theorem lemma5p4:
  fixes n :: nat and E :: "'e set" and ends :: "'e \<Rightarrow> nat \<times> nat" and g :: "'e \<Rightarrow> real"
    and Q :: "nat \<Rightarrow> 'a::euclidean_space"
  assumes finE: "finite E"
    and ends_in: "\<forall>e\<in>E. fst (ends e) \<in> {1..n} \<and> snd (ends e) \<in> {1..n}"
    and no_loops: "\<forall>e\<in>E. fst (ends e) \<noteq> snd (ends e)"
    and Q_adj: "\<forall>e\<in>E. Q (fst (ends e)) \<noteq> Q (snd (ends e))"
    and nonempty: "(\<Inter>e\<in>E. pyth_hyp Q ends g e) \<noteq> {}"
  shows "balanced ends g E
    \<and> (\<exists>F\<subseteq>E. int (card F) = int DIM('a) - aff_dim (\<Inter>e\<in>E. pyth_hyp Q ends g e)
              \<and> (\<Inter>e\<in>F. pyth_hyp Q ends g e) = (\<Inter>e\<in>E. pyth_hyp Q ends g e))
    \<and> (\<forall>F\<subseteq>E. int (card F) = int DIM('a) - aff_dim (\<Inter>e\<in>E. pyth_hyp Q ends g e)
              \<and> (\<Inter>e\<in>F. pyth_hyp Q ends g e) = (\<Inter>e\<in>E. pyth_hyp Q ends g e)
              \<longrightarrow> forest ends F)"
proof -
  let ?a = "pyth_normal Q ends"
  let ?s = "\<lambda>F. \<Inter>e\<in>F. pyth_hyp Q ends g e"
  obtain P0 where P0: "P0 \<in> ?s E" using nonempty by blast
  have aff_dim_s: "aff_dim (?s F) = int DIM('a) - int (dim (?a ` F))" if "P0 \<in> ?s F" for F
    using that unfolding Inter_pyth_hyp_eq by (rule aff_dim_linear_equations)
  obtain J where J: "J \<subseteq> E" "?a ` E \<subseteq> span (?a ` J)" "card J = dim (?a ` E)"
    by (rule exists_subset_image_basis)
  have "?s J = ?s E"
    using J(1,2) P0 unfolding Inter_pyth_hyp_eq by (rule linear_equations_eq_if_span)
  moreover have "int (card J) = int DIM('a) - aff_dim (?s E)"
    using aff_dim_s[OF P0] J(3) by simp
  ultimately have spanning: "\<exists>F\<subseteq>E. int (card F) = int DIM('a) - aff_dim (?s E) \<and> ?s F = ?s E"
    using J(1) by blast
  have forests: "forest ends F"
    if "F \<subseteq> E" "int (card F) = int DIM('a) - aff_dim (?s E)" "?s F = ?s E" for F
  proof -
    have "aff_dim (?s E) = int DIM('a) - int (dim (?a ` F))"
      using aff_dim_s[of F] P0 that(3) by simp
    then have "card F = dim (?a ` F)" using that(2) by simp
    then show ?thesis
      using finite_subset[OF \<open>F \<subseteq> E\<close> finE]
      by (intro forest_if_pyth_normals_independent inj_on_independent_if_card_eq_dim)
  qed
  show ?thesis
    using balanced_if_common_point[OF P0] spanning forests by (intro conjI allI impI) auto
qed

BRIEF
Every line above that holds the string "nonempty" should be copied into the answer.

TASK ANSWER
    and nonempty: "(\<Inter>e\<in>E. pyth_hyp Q ends g e) \<noteq> {}"
  obtain P0 where P0: "P0 \<in> ?s E" using nonempty by blast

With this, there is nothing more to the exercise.